## Assignment 1: Loop kernel benchmarking

1. Write a benchmark program that measures the performance in MFlop/s of the following three computation kernels:

(a) vector triad: a[i] = b[i] + c[i] * d[i]
(b) vector update: a[i] = s * a[i]
(c) vector update with dependency: a[i] = s * a[i-1]
(d) matrix-vector multiply: y = A • x, with an inner j loop of y[i] += A[i][j] * x[j]

a, b, c, d, x and y are double precision arrays of length N. s is a double precision scalar. A is an NxN matrix of plain double precision elements. Allocate memory for those data structures on the heap, i.e. using malloc() in C, new in C++ or allocate() in Fortran90. Do not forget to initialize all data elements with valid floating-point (FP) numbers. Using calloc() is not sufficient - see this blog entry for an explanation.

For the vector triad (a) and the vector updates (b) and (c), run your code using the following vector lengths: N=int(2.5k), k = 3...20. For the MVM (d), use matrix sizes N=int(1.5k), k = 10...22 (choose the vector length accordingly).

Perform the measurement on one core of the Emmy cluster for the given loop lengths. For reasons of accuracy, make sure that the runtime of each kernel with each vector/matrix size is larger than 0.1 seconds by repeating the computation kernel in an outer loop. Maybe it is a good idea to dynamically adjust the number of repetitions depending on the runtime of the kernel:

int repeat = 1;double runtime=0.;for(; runtime<.1; repeat*=2) {  timing(&wcs, &ct);  for(r=0; r<repeat; ++r) {    /* PUT THE KERNEL BENCHMARK LOOP HERE */    if(CONDITION_NEVER_TRUE) dummy(a); // for the compiler  }  timing(&wce, &ct);  runtime = wce-wcs;}repeat /= 2;

Make sure that the operations in the kernel actually get executed - compilers are smart! (This is what the bogus if statement is for. The dummy() function must reside in a separate source file, and the compiler must not be able to determine the result of the condition at compile time. Example: if(a[N>>1]<0.) - if all arrays are initialized with positive numbers, this condition is never true.)

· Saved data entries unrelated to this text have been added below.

lemma dpath_iff_walk:
  assumes "acyclic A"
  shows "dpath A p u v \<longleftrightarrow> walk A u p v"
proof
  show "dpath A p u v \<Longrightarrow> walk A u p v"
  proof (induction p arbitrary: u)
    case Nil
    then show ?case by (simp add: dpath_def)
  next
    case (Cons x p)
    show ?case
    proof (cases p)
      case Nil
      then show ?thesis using Cons.prems by (auto simp: dpath_def intro: walk_single)
    next
      case (Cons y q)
      have "(x, y) \<in> A" using Cons.prems \<open>p = y # q\<close> unfolding dpath_def by force
      moreover have "dpath A p y v"
        using Cons.prems \<open>p = y # q\<close> unfolding dpath_def by fastforce
      ultimately show ?thesis using Cons.IH Cons.prems by (auto simp: dpath_def intro: walk_Cons)
    qed
  qed
next
  assume w: "walk A u p v"
  have "\<forall>i. Suc i < length p \<longrightarrow> (p ! i, p ! Suc i) \<in> A"
    using w by (induction rule: walk.induct) (auto elim: walk_ConsE simp: nth_Cons split: nat.split)
  then show "dpath A p u v"
    using w walk_last[OF w] walk_distinct[OF assms w] unfolding dpath_def by (auto elim: walk_ConsE)
qed

lemma walks_inter_junction:
  assumes "acyclic A" "walk A w p m" "walk A m q x"
  shows "set p \<inter> set q = {m}"
proof -
  have "s = m" if "s \<in> set p" "s \<in> set q" for s
    using walk_set_rtrancl[OF assms(2) that(1)] walk_set_rtrancl[OF assms(3) that(2)]
      acyclic_impl_antisym_rtrancl[OF assms(1)] by (auto dest: antisymD)
  then show ?thesis using walk_end_in_set[OF assms(2)] walk_start_in_set[OF assms(3)] by blast
qed

section \<open>In-degree one, tree walks and lowest common ancestors\<close>

lemma indeg_one_iff: "indeg A v = 1 \<longleftrightarrow> (\<exists>!p. (p, v) \<in> A)"
proof -
  have "indeg A v = 1 \<longleftrightarrow> (\<exists>p. {u. (u, v) \<in> A} = {p})"
    unfolding indeg_def One_nat_def by (rule card_1_singleton_iff)
  also have "\<dots> \<longleftrightarrow> (\<exists>!p. (p, v) \<in> A)" by (auto simp: set_eq_iff)
  finally show ?thesis .
qed

lemma indeg_one_arc_unique: "indeg A v = 1 \<Longrightarrow> (p, v) \<in> A \<Longrightarrow> (p', v) \<in> A \<Longrightarrow> p = p'"
  unfolding indeg_one_iff by blast

lemma parent_arc: "indeg A x = 1 \<Longrightarrow> (parent A x, x) \<in> A"
  unfolding indeg_one_iff parent_def by (rule theI')

lemma parent_eqI: "indeg A x = 1 \<Longrightarrow> (p, x) \<in> A \<Longrightarrow> parent A x = p"
  using parent_arc indeg_one_arc_unique by metis

definition tree_walk :: "('v \<times> 'v) set \<Rightarrow> 'v \<Rightarrow> 'v list \<Rightarrow> 'v \<Rightarrow> bool" where
  "tree_walk A u p v \<longleftrightarrow> walk A u p v \<and> (\<forall>s\<in>set (tl p). indeg A s = 1)"

lemma tree_walk_walk: "tree_walk A u p v \<Longrightarrow> walk A u p v"
  unfolding tree_walk_def by simp

lemma tree_walk_Cons:
  "(u, d) \<in> A \<Longrightarrow> indeg A d = 1 \<Longrightarrow> tree_walk A d p v \<Longrightarrow> tree_walk A u (u # p) v"
proof -
  assume "(u, d) \<in> A" "indeg A d = 1" "tree_walk A d p v"
  moreover obtain p' where "p = d # p'"
    using \<open>tree_walk A d p v\<close> unfolding tree_walk_def by (blast elim: walk_ConsE)
  ultimately show ?thesis unfolding tree_walk_def by (auto intro: walk_Cons)
qed

lemma tree_walk_ancestor:
  assumes "tree_walk A d p c" and "s \<in> set p" and "(y, s) \<in> A\<^sup>*"
  shows "(y, d) \<in> A\<^sup>* \<or> y \<in> set p"
proof -
  have "walk A d p c" "\<forall>s\<in>set (tl p). indeg A s = 1"
    using assms(1) unfolding tree_walk_def by auto
  then show ?thesis using assms(2,3)
  proof (induction arbitrary: s rule: walk.induct)
    case (walk_Cons d x p c)
    obtain p' where p: "p = x # p'" using walk_Cons.hyps(2) by (rule walk_ConsE)
    show ?case
    proof (cases "s = d")
      case False
      have ix: "indeg A x = 1" using walk_Cons.prems(1) p by simp
      have "(y, x) \<in> A\<^sup>* \<or> y \<in> set p"
        using walk_Cons.IH[of s] walk_Cons.prems False p by auto
      then show ?thesis
      proof
        assume yx: "(y, x) \<in> A\<^sup>*"
        show ?thesis
        proof (cases "y = x")
          case False
          then obtain z where "(y, z) \<in> A\<^sup>*" "(z, x) \<in> A"
            using yx by (blast dest: rtranclD tranclD2)
          then show ?thesis using indeg_one_arc_unique[OF ix _ walk_Cons.hyps(1)] by blast
        qed (simp add: p)
      qed simp
    qed (use walk_Cons.prems in simp)
  qed simp
qed

definition lowest_common_ancestor :: "('v \<times> 'v) set \<Rightarrow> 'v \<Rightarrow> 'v \<Rightarrow> 'v \<Rightarrow> bool" where
  "lowest_common_ancestor A v a b \<longleftrightarrow> (v, a) \<in> A\<^sup>* \<and> (v, b) \<in> A\<^sup>* \<and>
     (\<forall>s. (v, s) \<in> A\<^sup>+ \<longrightarrow> (s, a) \<in> A\<^sup>* \<longrightarrow> (s, b) \<notin> A\<^sup>*)"

lemma lowest_common_ancestor_commute:
  "lowest_common_ancestor A v a b \<longleftrightarrow> lowest_common_ancestor A v b a"
  unfolding lowest_common_ancestor_def by blast

lemma lowest_common_ancestor_exists:
  assumes "finite A" "acyclic A" "(r, a) \<in> A\<^sup>*" "(r, b) \<in> A\<^sup>*"
  shows "\<exists>v. lowest_common_ancestor A v a b"
proof -
  let ?Q = "{v. (v, a) \<in> A\<^sup>* \<and> (v, b) \<in> A\<^sup>*}"
  have "wf ((A\<inverse>)\<^sup>+)" using finite_acyclic_wf_converse[OF assms(1,2)] by (rule wf_trancl)
  moreover have "r \<in> ?Q" using assms(3,4) by simp
  ultimately obtain v where "v \<in> ?Q" and "\<And>s. (s, v) \<in> (A\<inverse>)\<^sup>+ \<Longrightarrow> s \<notin> ?Q"
    by (rule wfE_min) fast
  then show ?thesis unfolding lowest_common_ancestor_def trancl_converse by blast
qed

lemma lowest_common_ancestor_minimal:
  "lowest_common_ancestor A v a b \<Longrightarrow> (v, s) \<in> A\<^sup>+ \<Longrightarrow> (s, a) \<in> A\<^sup>* \<Longrightarrow> (s, b) \<notin> A\<^sup>*"
  unfolding lowest_common_ancestor_def by simp

lemma lowest_common_ancestor_walks_inter:
  assumes "lowest_common_ancestor A w a b" "walk A w p a" "walk A w q b"
  shows "set p \<inter> set q = {w}"
proof -
  have "s = w" if "s \<in> set p" "s \<in> set q" for s
  proof (rule ccontr)
    assume "s \<noteq> w"
    then have "(w, s) \<in> A\<^sup>+" using walk_set_rtrancl[OF assms(2) that(1)] by (simp add: rtrancl_eq_or_trancl)
    then show False using lowest_common_ancestor_minimal[OF assms(1)]
        walk_set_rtrancl[OF assms(2) that(1)] walk_set_rtrancl[OF assms(3) that(2)] by simp
  qed
  then show ?thesis using walk_start_in_set[OF assms(2)] walk_start_in_set[OF assms(3)] by blast
qed

lemma lowest_common_ancestor_walk_tl:
  assumes "lowest_common_ancestor A v a b" "walk A v p b" "s \<in> set (tl p)"
  shows "(v, s) \<in> A\<^sup>+" and "(s, a) \<notin> A\<^sup>*"
proof -
  show vs: "(v, s) \<in> A\<^sup>+" using walk_tl_trancl[OF assms(2,3)] .
  have "s \<in> set p" using assms(3) by (cases p) auto
  then have "(s, b) \<in> A\<^sup>*" using walk_set_rtrancl[OF assms(2)] by blast
  then show "(s, a) \<notin> A\<^sup>*"
    using lowest_common_ancestor_minimal[OF assms(1) vs] by blast
qed

section \<open>Normal networks\<close>

lemma displays_triple_distinct: "displays_triple V A X x y z \<Longrightarrow> x \<noteq> y \<and> x \<noteq> z \<and> y \<noteq> z"
  unfolding displays_triple_def by simp

locale normal_network =
  fixes V :: "'v set" and A :: "('v \<times> 'v) set" and r :: 'v and X :: "'v set"
  assumes normal: "normal V A r X"
begin

lemma phylo_network: "phylo_network V A r X"
  using normal unfolding normal_def tree_child_def by blast

lemma finite_V: "finite V" and arcs_in_V: "A \<subseteq> V \<times> V" and acyclic: "acyclic A"
  and indeg_root: "indeg A r = 0" and leaves_eq: "X = {v \<in> V. outdeg A v = 0}"
  and indeg_leaf: "\<And>x. x \<in> X \<Longrightarrow> indeg A x = 1"
  and inner_vertex: "\<And>v. v \<in> V \<Longrightarrow> v \<noteq> r \<Longrightarrow> v \<notin> X \<Longrightarrow>
        (indeg A v = 1 \<and> outdeg A v = 2) \<or> (indeg A v = 2 \<and> outdeg A v = 1)"
  using phylo_network unfolding phylo_network_def by auto

lemma finite_A: "finite A"
  using finite_subset[OF arcs_in_V] finite_V by blast

lemma arc_tail_in_V: "(x, y) \<in> A \<Longrightarrow> x \<in> V" and arc_head_in_V: "(x, y) \<in> A \<Longrightarrow> y \<in> V"
  using arcs_in_V by auto

lemma finite_in_arcs: "finite {u. (u, v) \<in> A}"
  by (rule finite_subset[OF _ finite_V]) (auto dest: arc_tail_in_V)

lemma finite_out_arcs: "finite {w. (v, w) \<in> A}"
  by (rule finite_subset[OF _ finite_V]) (auto dest: arc_head_in_V)

lemma arc_not_rtrancl_back: "(x, y) \<in> A \<Longrightarrow> (y, x) \<notin> A\<^sup>*"
  by (rule acyclic_rtrancl_back[OF acyclic r_into_trancl'])

lemma leaf_no_arc: "x \<in> X \<Longrightarrow> (x, y) \<notin> A"
proof
  assume "x \<in> X" "(x, y) \<in> A"
  have "outdeg A x = 0" using \<open>x \<in> X\<close> leaves_eq by simp
  with finite_out_arcs show False using \<open>(x, y) \<in> A\<close> unfolding outdeg_def by auto
qed

lemma leaf_rtrancl: "x \<in> X \<Longrightarrow> (x, y) \<in> A\<^sup>* \<Longrightarrow> y = x"
  by (erule converse_rtranclE) (auto dest: leaf_no_arc)

lemma rtrancl_in_V: "(x, y) \<in> A\<^sup>* \<Longrightarrow> y \<in> V \<Longrightarrow> x \<in> V"
  by (erule converse_rtranclE) (auto dest: arc_tail_in_V)

lemma arc_head_not_root: "(p, v) \<in> A \<Longrightarrow> v \<noteq> r"
  using indeg_root finite_in_arcs[of r] unfolding indeg_def by auto

lemma root_rtrancl: "v \<in> V \<Longrightarrow> (r, v) \<in> A\<^sup>*"
proof (induction v rule: wf_induct_rule[OF finite_acyclic_wf[OF finite_A acyclic]])
  case (1 v)
  show ?case
  proof (cases "v = r")
    case False
    then have "indeg A v \<noteq> 0"
      using 1 indeg_leaf[of v] inner_vertex[of v] by (cases "v \<in> X") auto
    then obtain p where pv: "(p, v) \<in> A" unfolding indeg_def by fastforce
    then have "(r, p) \<in> A\<^sup>*" using 1 arc_tail_in_V by blast
    then show ?thesis using pv by (rule rtrancl_into_rtrancl)
  qed simp
qed

lemma tree_child_arc: "v \<in> V \<Longrightarrow> v \<notin> X \<Longrightarrow> \<exists>c. (v, c) \<in> A \<and> indeg A c = 1"
  using normal indeg_leaf unfolding normal_def tree_child_def tree_vertex_def by blast

lemma tree_walk_to_leaf: "d \<in> V \<Longrightarrow> \<exists>p c. tree_walk A d p c \<and> c \<in> X"
proof (induction d rule: wf_induct_rule[OF finite_acyclic_wf_converse[OF finite_A acyclic]])
  case (1 d)
  show ?case
  proof (cases "d \<in> X")
    case True
    have "tree_walk A d [d] d" unfolding tree_walk_def by (simp add: walk_single)
    with True show ?thesis by blast
  next
    case False
    then obtain c' where c': "(d, c') \<in> A" "indeg A c' = 1" using tree_child_arc 1 by blast
    then obtain p c where "tree_walk A c' p c" "c \<in> X" using 1 arc_head_in_V by blast
    then show ?thesis using tree_walk_Cons[OF c'] by blast
  qed
qed

lemma two_parents_reticulation:
  assumes "(p, v) \<in> A" "(p', v) \<in> A" "p \<noteq> p'"
  shows "reticulation V A v"
proof -
  have "card {p, p'} \<le> indeg A v"
    unfolding indeg_def by (rule card_mono[OF finite_in_arcs]) (use assms(1,2) in blast)
  then have "2 \<le> indeg A v" using assms(3) by simp
  moreover have "v \<in> V" "v \<noteq> r" using assms(1) arc_head_in_V arc_head_not_root by auto
  moreover have "v \<notin> X"
  proof
    assume "v \<in> X"
    then have "indeg A v = 1" by (rule indeg_leaf)
    then show False using \<open>2 \<le> indeg A v\<close> by simp
  qed
  ultimately show ?thesis using inner_vertex[of v] unfolding reticulation_def by auto
qed

lemma parents_incomparable:
  assumes pv: "(p, v) \<in> A" and p'v: "(p', v) \<in> A" and "p \<noteq> p'"
  shows "(p, p') \<notin> A\<^sup>*"
proof
  assume "(p, p') \<in> A\<^sup>*"
  then have "(p, p') \<in> (A - {(p, v)})\<^sup>*"
    using arc_not_rtrancl_back[OF p'v] by (rule rtrancl_Diff_arc)
  moreover have "(p', v) \<in> A - {(p, v)}" using p'v \<open>p \<noteq> p'\<close> by simp
  ultimately have "(p, v) \<in> (A - {(p, v)})\<^sup>+" by (rule rtrancl_into_trancl1)
  then have "shortcut V A p v"
    unfolding shortcut_def using pv two_parents_reticulation[OF assms] by blast
  then show False using normal unfolding normal_def by simp
qed

lemma siblings_incomparable:
  assumes mx: "(m, x) \<in> A" and md: "(m, d) \<in> A" and "x \<noteq> d"
  shows "(x, d) \<notin> A\<^sup>*"
proof
  assume "(x, d) \<in> A\<^sup>*"
  then have "(x, d) \<in> A\<^sup>+" using \<open>x \<noteq> d\<close> by (simp add: rtrancl_eq_or_trancl)
  then obtain p where xp: "(x, p) \<in> A\<^sup>*" and pd: "(p, d) \<in> A" by (blast dest: tranclD2)
  have mp: "(m, p) \<in> A\<^sup>*" using mx xp by (rule converse_rtrancl_into_rtrancl)
  have "p \<noteq> m" using xp arc_not_rtrancl_back[OF mx] by blast
  then show False using parents_incomparable[OF md pd] mp by blast
qed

Use your favorite graphics program (e.g. gnuplot or xmgrace or Excel if you must) to generate plots of the performance in MFlop/s vs. N. Choose a logarithmic scale on the x axis. Check your results for plausibility by comparing the performance of the vector triad to typical achievable bandwidth numbers on the IvyBridge processor in a Emmy node (memory bandwidth: approx. 15 GB/s, L2/L3 cache bandwidth: tens of GB/s, L1 cache bandwidth: close to 100 GB/s). The triad is limited by data transfer to cache or main memory (depending on the vector lengths), and each array access (read or write) incurs a data transfer of eight bytes.

Does the compiler do "the right thing" when optimizing the inner loop of benchmark (d)? How can you tell?

2. (C++ only) Repeat the measurement for the vector triad (Assignment 2(a) above), but now using STL std::vector<double> objects instead of plain arrays, i.e., declare the arrays as

std::vector<double> a(N), b(N), c(N), d(N);

For which vector lengths do you see a change in performance? For comparison run the benchmark with a binary that has been compiled with the -fno-inline option (which prevents inlining of all function calls).